Neuroticism tends to decrease gradually with age. Most people become somewhat more emotionally stable through their 20s, 30s, and into middle age. This isn’t guaranteed, but it’s a strong population-level trend. If you’re in your teens or early twenties and feel highly neurotic, there’s a good chance your baseline will settle over the next decade or two.

Why Your Score Matters for Health

Neuroticism isn’t just about feeling stressed. It has measurable effects on your body over time. A 21-year study tracking over 5,400 British adults found that each standard-deviation increase in neuroticism was associated with a 10% higher risk of dying from cardiovascular disease, even after accounting for smoking, alcohol use, physical activity, and baseline health.

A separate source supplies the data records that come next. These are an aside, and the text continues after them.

lemma nn_integral_joint_law:
  assumes K: "K \<in> M \<rightarrow>\<^sub>M subprob_algebra X" and f: "f \<in> borel_measurable (M \<Otimes>\<^sub>M X)"
  shows "(\<integral>\<^sup>+z. f z \<partial>joint_law M X K) = (\<integral>\<^sup>+b. \<integral>\<^sup>+y. f (b, y) \<partial>K b \<partial>M)"
  unfolding joint_law_def nn_integral_bind[OF f measurable_joint_kernel[OF K]]
proof (intro nn_integral_cong)
  fix b assume "b \<in> space M"
  then have "sets (K b) = sets X" by (rule subprob_measurableD(2)[OF K])
  then show "(\<integral>\<^sup>+z. f z \<partial>distr (K b) (M \<Otimes>\<^sub>M X) (Pair b)) = (\<integral>\<^sup>+y. f (b, y) \<partial>K b)"
    using \<open>b \<in> space M\<close> f by (subst nn_integral_distr) auto
qed

lemma subprob_space_joint_law:
  assumes "subprob_space M" "K \<in> M \<rightarrow>\<^sub>M subprob_algebra X"
  shows "subprob_space (joint_law M X K)"
  unfolding joint_law_def
  by (rule subprob_space_bind[OF assms(1) measurable_joint_kernel[OF assms(2)]])

lemma sets_joint_law:
  assumes "K \<in> M \<rightarrow>\<^sub>M subprob_algebra X" "space M \<noteq> {}"
  shows "sets (joint_law M X K) = sets (M \<Otimes>\<^sub>M X)"
  unfolding joint_law_def
  by (rule sets_bind_measurable[OF measurable_joint_kernel[OF assms(1)] assms(2)])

The mechanism likely involves chronic stress activation. Higher neuroticism is associated with a more reactive fight-or-flight system and more pronounced hormonal stress responses. Over years, this can lead to disrupted immune function, including weaker responses to vaccination, higher levels of inflammatory markers, and changes to natural killer cell activity. It also correlates with disrupted sleep-wake cycles, which compound the health effects further.

None of this means a high neuroticism score is a health sentence. It means that managing your stress response is more important for you than it is for someone who naturally stays calm, and that the payoff from stress-reduction practices is potentially larger.

The Link to Anxiety and Depression

Neuroticism is the single strongest personality predictor of anxiety and mood disorders. A major meta-analysis found that the cross-sectional association between neuroticism and anxiety or mood disorders ranged from moderate to very large, with effect sizes up to 2.0 for some conditions. Even after controlling for existing symptoms, neuroticism at age 18 still predicted the development of anxiety and depressive disorders three years later.

The genetic overlap is striking. Twin studies show that the genetic correlation between neuroticism and anxiety or depressive disorders ranges from 0.58 to 0.82, meaning a large portion of the genes that influence neuroticism also influence vulnerability to these conditions. Environmental correlations, by contrast, are much smaller (0.05 to 0.27). This suggests that the link between neuroticism and mental health conditions is largely baked into shared biology, not just a matter of stressful experiences causing both.

High neuroticism doesn’t mean you’ll develop a clinical disorder. Many highly neurotic people never do. But it does mean you’re playing on a field with a steeper slope, and proactive mental health habits carry more weight.

Lowering Your Neuroticism Score

Neuroticism is partially hardwired, but it’s not fixed. Therapy can produce real, lasting reductions in neuroticism scores. One particularly relevant approach is a cognitive behavioral treatment called the Unified Protocol, designed to target the emotional patterns that drive neuroticism rather than individual symptoms like panic or sadness. In a randomized trial, participants who completed 16 weeks of this treatment showed significantly lower neuroticism than both a waitlist group and a group receiving traditional symptom-focused therapy. Crucially, these reductions held even after accounting for changes in depression and anxiety symptoms, suggesting the treatment was shifting the underlying trait, not just improving mood temporarily.

The core skill involved is learning to observe strong emotions without automatically trying to suppress or escape them. When you habitually avoid or fight negative feelings, you paradoxically make them more frequent and intense over time. Training yourself to sit with discomfort, notice it without judgment, and let it pass naturally can, over months, reduce how often and how strongly negative emotions fire in the first place. Mindfulness-based practices build the same skill.

Regular physical activity, consistent sleep, and reducing alcohol (which temporarily calms anxiety but increases emotional reactivity in the rebound period) all help stabilize the stress-response systems that run hotter in people with high neuroticism. These aren’t cures. They’re ongoing maintenance for a nervous system that needs more active management than average.